What is being asked
A single number is required: the count of lines in the following entries that include the word "finally".

+++

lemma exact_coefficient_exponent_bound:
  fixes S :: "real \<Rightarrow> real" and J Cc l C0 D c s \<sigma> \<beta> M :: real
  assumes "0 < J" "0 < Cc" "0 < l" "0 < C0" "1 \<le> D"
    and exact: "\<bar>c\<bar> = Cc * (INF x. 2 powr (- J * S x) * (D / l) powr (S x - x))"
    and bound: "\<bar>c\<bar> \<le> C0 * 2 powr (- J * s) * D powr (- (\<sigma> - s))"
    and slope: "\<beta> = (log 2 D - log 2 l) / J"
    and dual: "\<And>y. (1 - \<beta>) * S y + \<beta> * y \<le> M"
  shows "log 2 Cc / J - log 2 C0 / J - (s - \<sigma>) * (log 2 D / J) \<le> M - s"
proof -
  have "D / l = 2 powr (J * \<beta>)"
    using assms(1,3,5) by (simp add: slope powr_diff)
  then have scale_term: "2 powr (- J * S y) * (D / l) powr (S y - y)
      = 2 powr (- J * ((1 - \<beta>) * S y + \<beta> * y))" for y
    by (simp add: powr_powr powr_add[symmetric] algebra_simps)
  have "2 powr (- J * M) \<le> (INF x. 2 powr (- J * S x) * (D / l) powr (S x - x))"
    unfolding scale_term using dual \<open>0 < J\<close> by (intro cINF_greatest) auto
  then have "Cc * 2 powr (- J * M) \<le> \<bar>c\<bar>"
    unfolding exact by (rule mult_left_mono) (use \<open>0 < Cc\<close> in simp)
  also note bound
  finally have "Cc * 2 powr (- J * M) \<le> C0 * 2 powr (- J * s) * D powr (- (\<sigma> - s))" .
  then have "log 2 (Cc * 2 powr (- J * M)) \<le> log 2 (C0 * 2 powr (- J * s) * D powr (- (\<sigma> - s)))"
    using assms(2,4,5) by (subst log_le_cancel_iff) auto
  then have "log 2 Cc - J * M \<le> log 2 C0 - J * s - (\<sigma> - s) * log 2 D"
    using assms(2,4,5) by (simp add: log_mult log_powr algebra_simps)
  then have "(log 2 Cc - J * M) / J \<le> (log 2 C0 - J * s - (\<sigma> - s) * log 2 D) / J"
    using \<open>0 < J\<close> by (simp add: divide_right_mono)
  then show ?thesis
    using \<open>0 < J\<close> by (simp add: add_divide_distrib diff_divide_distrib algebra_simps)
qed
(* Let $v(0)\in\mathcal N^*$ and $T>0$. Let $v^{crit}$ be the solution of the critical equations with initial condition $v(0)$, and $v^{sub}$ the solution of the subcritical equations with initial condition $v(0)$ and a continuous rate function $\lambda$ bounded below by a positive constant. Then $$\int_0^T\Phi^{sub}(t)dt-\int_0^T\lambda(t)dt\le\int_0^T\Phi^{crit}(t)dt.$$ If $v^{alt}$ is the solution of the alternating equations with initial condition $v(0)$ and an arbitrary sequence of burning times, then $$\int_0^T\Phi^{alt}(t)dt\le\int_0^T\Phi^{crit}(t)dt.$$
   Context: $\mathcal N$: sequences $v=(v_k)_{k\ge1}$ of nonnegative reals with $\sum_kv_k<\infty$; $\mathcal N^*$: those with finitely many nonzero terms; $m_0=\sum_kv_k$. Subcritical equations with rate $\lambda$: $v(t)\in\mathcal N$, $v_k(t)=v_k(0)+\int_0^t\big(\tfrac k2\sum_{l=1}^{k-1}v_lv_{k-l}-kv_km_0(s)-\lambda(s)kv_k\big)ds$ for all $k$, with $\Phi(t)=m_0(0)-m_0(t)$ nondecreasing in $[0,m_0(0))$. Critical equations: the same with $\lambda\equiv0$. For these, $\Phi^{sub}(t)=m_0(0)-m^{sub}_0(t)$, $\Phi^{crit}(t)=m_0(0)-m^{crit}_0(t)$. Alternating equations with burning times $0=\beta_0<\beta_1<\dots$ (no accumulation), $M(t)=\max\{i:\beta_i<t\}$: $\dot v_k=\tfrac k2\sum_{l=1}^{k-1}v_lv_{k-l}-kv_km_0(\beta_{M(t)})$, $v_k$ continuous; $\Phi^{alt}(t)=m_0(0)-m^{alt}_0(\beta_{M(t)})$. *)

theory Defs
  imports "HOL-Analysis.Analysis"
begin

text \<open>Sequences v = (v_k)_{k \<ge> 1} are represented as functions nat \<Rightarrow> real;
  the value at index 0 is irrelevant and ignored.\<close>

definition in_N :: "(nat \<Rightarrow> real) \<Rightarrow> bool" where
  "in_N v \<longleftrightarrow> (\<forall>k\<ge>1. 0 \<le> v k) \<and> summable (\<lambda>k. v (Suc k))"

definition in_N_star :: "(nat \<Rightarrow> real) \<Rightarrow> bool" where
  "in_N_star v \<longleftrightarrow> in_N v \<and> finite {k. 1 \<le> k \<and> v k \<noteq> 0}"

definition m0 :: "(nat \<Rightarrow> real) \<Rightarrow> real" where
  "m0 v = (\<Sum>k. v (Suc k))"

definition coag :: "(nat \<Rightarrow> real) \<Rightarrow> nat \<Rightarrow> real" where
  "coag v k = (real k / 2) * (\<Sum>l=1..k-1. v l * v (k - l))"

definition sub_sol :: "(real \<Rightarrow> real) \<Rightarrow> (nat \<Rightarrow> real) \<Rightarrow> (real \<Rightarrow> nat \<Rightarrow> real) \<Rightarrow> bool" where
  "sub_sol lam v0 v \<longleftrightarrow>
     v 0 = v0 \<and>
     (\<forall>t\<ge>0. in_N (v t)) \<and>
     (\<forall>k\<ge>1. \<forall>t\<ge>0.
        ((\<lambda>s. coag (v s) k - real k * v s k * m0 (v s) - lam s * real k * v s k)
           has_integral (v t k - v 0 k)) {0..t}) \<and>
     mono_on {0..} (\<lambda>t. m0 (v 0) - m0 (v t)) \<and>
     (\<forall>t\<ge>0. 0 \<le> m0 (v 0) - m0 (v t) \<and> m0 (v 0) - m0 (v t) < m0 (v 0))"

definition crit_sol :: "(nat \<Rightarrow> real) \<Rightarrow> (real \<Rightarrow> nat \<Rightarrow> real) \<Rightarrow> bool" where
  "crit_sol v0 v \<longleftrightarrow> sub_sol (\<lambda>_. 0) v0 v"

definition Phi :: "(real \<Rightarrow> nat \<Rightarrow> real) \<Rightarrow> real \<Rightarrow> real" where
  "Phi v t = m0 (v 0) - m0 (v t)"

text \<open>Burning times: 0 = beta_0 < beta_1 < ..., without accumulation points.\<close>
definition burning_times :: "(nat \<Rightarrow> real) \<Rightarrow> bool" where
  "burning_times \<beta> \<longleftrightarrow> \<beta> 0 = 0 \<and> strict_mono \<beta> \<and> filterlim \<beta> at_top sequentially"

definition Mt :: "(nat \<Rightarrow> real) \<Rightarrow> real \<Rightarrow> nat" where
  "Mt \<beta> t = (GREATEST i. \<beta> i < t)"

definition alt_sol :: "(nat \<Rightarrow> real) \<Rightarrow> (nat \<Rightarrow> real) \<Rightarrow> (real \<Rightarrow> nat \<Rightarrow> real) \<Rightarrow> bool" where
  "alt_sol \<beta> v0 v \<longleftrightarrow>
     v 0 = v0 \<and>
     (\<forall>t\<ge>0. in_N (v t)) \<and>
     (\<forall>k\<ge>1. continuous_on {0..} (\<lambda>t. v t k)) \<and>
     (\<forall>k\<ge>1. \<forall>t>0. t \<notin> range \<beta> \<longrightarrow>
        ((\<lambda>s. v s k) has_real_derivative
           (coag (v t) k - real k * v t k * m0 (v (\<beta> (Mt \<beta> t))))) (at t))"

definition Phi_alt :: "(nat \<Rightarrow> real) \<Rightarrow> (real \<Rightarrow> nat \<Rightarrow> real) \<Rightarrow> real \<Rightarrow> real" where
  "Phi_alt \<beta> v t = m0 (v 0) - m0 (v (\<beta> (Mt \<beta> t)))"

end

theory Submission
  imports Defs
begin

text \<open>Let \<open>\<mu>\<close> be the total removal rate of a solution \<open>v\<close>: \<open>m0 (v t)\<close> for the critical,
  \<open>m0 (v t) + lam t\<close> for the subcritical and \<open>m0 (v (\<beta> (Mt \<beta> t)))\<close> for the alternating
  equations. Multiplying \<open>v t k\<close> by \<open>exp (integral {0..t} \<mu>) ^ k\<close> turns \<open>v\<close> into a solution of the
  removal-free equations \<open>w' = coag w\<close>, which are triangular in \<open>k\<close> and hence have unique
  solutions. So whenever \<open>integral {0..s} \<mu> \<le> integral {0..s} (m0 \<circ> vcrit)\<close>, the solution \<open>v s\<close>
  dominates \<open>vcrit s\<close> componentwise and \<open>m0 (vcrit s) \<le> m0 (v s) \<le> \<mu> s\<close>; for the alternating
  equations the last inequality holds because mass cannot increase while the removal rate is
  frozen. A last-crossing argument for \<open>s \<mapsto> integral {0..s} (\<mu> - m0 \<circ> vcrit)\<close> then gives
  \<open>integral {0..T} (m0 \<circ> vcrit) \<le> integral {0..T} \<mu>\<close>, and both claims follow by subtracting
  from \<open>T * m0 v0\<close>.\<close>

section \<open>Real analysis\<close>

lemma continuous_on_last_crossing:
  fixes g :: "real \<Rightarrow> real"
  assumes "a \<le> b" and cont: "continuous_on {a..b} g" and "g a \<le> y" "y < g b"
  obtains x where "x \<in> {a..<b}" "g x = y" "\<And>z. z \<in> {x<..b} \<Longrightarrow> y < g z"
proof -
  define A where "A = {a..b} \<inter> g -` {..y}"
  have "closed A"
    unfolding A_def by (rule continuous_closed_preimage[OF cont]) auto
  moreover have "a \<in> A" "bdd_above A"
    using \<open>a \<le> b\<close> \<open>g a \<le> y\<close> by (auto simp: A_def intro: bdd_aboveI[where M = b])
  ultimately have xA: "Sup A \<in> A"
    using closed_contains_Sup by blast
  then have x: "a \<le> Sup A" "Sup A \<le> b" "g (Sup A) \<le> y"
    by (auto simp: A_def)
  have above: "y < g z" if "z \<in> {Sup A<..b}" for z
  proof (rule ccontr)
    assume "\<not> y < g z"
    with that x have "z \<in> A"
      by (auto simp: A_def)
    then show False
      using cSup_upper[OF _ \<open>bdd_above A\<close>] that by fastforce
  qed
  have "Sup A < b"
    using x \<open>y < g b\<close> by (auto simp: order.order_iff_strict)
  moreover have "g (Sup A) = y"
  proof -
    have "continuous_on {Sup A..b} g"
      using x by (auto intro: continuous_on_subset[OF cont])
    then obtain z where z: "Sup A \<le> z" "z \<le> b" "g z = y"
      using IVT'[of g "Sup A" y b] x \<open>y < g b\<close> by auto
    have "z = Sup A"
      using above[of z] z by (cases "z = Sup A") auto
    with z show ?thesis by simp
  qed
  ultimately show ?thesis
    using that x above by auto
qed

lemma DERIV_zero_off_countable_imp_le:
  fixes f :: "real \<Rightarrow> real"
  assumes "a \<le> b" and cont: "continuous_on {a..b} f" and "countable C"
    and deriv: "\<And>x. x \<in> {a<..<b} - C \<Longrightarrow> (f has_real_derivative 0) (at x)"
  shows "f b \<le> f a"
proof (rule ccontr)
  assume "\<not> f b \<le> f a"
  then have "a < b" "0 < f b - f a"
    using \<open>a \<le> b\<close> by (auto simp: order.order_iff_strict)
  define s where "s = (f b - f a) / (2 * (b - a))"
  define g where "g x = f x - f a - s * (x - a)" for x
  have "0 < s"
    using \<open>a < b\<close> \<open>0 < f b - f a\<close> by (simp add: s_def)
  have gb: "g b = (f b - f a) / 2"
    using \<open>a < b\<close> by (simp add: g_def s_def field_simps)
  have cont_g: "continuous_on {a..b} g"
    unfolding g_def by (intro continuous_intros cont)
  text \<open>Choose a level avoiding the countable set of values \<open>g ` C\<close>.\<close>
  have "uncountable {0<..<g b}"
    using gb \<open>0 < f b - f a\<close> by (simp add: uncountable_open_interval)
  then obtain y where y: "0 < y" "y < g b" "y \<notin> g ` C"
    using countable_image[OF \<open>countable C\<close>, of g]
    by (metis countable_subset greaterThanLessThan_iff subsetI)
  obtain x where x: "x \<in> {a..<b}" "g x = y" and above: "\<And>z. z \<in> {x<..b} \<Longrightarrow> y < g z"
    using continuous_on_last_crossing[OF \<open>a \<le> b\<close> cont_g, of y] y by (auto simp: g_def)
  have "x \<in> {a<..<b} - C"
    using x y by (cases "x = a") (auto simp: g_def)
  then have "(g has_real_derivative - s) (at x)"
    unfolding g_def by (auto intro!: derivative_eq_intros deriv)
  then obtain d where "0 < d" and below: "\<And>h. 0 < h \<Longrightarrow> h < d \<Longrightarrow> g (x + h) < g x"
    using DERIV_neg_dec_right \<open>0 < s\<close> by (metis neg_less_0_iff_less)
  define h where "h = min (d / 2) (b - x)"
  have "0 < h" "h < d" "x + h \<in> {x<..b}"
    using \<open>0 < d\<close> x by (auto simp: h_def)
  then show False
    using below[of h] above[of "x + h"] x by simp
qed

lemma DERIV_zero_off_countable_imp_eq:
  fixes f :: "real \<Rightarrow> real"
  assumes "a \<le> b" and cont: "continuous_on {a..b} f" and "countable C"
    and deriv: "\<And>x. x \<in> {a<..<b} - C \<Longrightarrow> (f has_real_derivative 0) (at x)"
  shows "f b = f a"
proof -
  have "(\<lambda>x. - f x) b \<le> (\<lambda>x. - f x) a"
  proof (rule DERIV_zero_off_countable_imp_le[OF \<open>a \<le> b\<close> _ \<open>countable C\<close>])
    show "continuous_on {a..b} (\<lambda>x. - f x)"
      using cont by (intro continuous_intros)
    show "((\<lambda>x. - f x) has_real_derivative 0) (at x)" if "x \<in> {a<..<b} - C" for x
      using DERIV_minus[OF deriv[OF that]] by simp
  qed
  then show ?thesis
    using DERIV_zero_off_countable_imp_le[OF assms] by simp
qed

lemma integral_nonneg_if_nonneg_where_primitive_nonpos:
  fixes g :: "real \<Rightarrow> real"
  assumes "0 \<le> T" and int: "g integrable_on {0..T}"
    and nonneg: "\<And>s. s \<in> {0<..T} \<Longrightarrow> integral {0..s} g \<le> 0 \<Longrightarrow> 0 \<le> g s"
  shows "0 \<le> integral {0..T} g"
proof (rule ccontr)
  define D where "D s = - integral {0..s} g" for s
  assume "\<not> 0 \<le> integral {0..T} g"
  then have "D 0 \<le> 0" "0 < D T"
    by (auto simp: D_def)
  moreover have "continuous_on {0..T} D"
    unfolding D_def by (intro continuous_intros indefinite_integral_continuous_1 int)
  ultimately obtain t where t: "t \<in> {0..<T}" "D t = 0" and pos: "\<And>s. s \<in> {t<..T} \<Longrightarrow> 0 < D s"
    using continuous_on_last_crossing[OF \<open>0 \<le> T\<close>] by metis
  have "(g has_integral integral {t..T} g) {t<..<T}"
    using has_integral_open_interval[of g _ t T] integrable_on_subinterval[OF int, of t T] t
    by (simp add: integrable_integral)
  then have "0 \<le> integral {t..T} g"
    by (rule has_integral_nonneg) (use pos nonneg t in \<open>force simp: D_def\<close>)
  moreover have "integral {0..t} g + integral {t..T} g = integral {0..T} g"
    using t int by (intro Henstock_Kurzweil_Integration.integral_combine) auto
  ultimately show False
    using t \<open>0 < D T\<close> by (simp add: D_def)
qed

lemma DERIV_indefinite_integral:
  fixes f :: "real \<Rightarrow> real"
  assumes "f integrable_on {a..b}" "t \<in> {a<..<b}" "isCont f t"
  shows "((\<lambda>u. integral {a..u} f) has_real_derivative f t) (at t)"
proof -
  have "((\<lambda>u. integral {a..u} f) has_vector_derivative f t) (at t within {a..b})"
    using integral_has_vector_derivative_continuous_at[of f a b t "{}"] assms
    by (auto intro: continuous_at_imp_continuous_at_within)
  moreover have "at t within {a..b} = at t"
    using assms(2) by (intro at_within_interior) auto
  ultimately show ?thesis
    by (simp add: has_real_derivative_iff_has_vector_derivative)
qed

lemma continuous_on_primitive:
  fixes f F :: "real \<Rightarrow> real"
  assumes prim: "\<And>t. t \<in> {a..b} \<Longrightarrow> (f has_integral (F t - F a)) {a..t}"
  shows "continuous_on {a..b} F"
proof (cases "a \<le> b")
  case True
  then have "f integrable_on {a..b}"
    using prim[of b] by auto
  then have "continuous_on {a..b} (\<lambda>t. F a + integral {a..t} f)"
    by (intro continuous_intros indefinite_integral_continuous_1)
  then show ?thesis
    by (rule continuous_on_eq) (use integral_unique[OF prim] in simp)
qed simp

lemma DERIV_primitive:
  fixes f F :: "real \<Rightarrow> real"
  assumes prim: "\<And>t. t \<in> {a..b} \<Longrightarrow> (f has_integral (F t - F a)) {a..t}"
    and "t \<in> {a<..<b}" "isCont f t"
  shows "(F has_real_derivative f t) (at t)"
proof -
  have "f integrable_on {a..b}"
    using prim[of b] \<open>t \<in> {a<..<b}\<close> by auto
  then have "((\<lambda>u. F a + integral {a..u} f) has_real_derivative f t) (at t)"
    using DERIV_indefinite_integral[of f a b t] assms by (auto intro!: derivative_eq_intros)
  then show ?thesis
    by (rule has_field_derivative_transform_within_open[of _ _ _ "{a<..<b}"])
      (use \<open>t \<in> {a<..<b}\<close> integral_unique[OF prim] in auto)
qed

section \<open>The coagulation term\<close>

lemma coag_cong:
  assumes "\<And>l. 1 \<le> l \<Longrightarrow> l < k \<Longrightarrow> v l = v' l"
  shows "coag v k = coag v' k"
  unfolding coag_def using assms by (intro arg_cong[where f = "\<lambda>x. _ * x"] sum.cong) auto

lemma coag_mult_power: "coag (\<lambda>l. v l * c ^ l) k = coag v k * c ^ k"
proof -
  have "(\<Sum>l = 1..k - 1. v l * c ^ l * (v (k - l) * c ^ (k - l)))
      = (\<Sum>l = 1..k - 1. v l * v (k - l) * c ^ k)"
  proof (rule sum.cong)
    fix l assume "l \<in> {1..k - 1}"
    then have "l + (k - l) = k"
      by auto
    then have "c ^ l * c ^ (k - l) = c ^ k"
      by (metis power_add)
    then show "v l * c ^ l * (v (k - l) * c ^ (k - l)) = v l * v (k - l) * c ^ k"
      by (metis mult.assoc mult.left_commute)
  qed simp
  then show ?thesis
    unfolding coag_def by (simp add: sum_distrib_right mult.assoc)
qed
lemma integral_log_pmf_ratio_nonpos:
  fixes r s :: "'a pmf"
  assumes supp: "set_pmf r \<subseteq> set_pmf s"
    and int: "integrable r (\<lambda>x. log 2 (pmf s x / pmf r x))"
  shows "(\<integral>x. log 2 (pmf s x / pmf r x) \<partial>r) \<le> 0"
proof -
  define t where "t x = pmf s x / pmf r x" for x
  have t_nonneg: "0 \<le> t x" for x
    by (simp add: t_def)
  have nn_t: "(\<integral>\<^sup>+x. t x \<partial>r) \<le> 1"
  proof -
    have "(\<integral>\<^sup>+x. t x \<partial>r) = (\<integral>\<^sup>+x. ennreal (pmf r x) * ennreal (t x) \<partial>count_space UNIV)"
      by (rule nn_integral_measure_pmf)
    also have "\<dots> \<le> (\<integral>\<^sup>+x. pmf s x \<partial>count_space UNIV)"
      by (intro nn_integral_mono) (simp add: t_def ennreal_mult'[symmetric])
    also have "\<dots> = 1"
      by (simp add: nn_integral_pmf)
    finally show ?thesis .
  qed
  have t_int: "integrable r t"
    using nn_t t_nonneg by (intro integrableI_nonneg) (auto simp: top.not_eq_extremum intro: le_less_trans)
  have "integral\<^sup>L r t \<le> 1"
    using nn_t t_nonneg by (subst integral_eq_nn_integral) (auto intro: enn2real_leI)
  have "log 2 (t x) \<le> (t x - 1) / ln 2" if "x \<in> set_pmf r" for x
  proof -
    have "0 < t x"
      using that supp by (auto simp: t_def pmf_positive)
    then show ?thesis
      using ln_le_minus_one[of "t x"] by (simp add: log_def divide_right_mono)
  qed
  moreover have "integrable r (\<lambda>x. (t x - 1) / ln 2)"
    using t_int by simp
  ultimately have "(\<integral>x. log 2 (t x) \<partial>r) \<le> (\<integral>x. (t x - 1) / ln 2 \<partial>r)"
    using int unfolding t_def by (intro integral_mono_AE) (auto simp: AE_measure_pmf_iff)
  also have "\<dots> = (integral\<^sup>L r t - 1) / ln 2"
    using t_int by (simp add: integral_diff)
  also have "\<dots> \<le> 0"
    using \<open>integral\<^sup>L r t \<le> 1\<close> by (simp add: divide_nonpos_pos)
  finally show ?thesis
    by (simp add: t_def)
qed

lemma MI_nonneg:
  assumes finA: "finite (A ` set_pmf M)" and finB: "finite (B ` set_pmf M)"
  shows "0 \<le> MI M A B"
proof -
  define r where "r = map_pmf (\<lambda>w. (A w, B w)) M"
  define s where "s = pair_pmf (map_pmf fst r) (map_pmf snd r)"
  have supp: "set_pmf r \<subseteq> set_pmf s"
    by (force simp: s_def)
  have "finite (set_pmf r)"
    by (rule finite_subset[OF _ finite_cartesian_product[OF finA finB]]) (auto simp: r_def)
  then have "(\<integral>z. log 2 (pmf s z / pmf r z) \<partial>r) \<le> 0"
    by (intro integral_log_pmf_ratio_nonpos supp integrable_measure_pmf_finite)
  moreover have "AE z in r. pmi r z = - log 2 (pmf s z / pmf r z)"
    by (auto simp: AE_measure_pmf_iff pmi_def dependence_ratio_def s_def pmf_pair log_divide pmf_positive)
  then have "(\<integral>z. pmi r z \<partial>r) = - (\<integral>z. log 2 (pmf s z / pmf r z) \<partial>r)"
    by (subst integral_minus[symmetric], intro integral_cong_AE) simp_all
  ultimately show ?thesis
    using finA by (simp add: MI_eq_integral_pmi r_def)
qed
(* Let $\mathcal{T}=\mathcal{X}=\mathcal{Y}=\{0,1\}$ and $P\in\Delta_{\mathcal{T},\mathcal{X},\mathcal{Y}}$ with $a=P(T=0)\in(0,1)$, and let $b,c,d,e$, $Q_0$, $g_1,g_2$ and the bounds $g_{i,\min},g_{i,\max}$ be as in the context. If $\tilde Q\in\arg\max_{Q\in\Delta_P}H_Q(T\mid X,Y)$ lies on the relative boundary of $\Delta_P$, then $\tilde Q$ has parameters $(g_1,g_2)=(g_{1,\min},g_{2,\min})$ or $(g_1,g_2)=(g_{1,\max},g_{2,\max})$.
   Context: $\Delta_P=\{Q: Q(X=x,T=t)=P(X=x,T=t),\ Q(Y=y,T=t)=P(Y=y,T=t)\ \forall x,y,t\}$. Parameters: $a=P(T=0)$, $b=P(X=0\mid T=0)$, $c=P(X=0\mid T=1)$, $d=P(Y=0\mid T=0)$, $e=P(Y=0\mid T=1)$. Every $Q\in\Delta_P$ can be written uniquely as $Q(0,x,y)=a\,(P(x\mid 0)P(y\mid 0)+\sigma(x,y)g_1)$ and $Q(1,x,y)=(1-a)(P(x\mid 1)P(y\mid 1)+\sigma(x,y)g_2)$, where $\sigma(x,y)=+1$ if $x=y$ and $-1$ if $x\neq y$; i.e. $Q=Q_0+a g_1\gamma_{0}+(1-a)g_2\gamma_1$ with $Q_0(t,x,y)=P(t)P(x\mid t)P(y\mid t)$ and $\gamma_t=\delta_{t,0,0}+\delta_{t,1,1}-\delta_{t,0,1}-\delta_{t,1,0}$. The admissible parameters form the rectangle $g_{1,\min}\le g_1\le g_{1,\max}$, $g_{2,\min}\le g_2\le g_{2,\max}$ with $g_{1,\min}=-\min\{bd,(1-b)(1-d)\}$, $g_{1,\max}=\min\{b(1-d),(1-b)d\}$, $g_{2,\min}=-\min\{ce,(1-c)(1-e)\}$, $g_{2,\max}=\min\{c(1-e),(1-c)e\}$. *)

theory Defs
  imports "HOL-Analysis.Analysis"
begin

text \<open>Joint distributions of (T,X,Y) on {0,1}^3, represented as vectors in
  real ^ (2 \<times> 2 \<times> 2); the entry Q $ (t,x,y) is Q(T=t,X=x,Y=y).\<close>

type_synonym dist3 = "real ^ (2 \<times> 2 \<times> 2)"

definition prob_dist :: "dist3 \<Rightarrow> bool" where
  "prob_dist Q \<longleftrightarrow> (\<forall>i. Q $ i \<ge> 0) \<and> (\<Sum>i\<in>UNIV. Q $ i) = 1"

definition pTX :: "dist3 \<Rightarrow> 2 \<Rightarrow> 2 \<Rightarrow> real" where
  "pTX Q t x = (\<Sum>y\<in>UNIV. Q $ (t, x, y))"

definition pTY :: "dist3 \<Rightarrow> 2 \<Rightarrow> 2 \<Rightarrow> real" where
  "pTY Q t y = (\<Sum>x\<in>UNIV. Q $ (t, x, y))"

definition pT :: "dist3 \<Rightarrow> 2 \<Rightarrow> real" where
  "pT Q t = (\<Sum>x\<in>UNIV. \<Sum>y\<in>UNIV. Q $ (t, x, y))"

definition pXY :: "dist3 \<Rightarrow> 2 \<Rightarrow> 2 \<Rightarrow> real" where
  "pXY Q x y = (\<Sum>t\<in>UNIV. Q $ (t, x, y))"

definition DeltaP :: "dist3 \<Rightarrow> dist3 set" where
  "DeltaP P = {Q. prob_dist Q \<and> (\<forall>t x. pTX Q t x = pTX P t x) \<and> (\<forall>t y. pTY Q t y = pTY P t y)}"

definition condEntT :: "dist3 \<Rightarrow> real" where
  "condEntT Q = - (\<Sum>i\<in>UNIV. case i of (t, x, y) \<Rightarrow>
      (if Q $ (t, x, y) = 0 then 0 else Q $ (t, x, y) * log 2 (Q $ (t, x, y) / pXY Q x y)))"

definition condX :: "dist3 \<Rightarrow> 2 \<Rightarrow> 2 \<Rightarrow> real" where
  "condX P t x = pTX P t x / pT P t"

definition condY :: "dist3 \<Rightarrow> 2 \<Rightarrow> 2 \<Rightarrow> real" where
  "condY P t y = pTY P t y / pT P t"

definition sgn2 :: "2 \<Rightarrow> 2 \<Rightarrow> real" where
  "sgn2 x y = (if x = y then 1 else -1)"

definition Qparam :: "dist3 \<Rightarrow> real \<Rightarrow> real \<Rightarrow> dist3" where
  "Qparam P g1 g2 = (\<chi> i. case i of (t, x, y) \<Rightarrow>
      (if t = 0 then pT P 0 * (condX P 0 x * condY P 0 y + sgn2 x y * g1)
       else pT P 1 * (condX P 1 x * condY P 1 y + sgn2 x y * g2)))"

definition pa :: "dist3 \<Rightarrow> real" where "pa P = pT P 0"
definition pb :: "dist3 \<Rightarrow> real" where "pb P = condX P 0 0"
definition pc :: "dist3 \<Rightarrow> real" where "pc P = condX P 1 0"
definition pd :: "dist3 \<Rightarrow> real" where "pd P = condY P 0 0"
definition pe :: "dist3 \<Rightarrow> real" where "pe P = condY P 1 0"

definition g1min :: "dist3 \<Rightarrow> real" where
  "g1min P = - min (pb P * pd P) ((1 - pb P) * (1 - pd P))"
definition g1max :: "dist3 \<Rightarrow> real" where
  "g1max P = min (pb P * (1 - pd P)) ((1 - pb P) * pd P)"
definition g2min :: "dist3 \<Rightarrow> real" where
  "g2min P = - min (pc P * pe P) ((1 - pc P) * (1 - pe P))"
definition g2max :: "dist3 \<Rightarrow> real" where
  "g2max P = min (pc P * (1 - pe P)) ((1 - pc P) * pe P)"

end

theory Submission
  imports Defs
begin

+++

Output below
3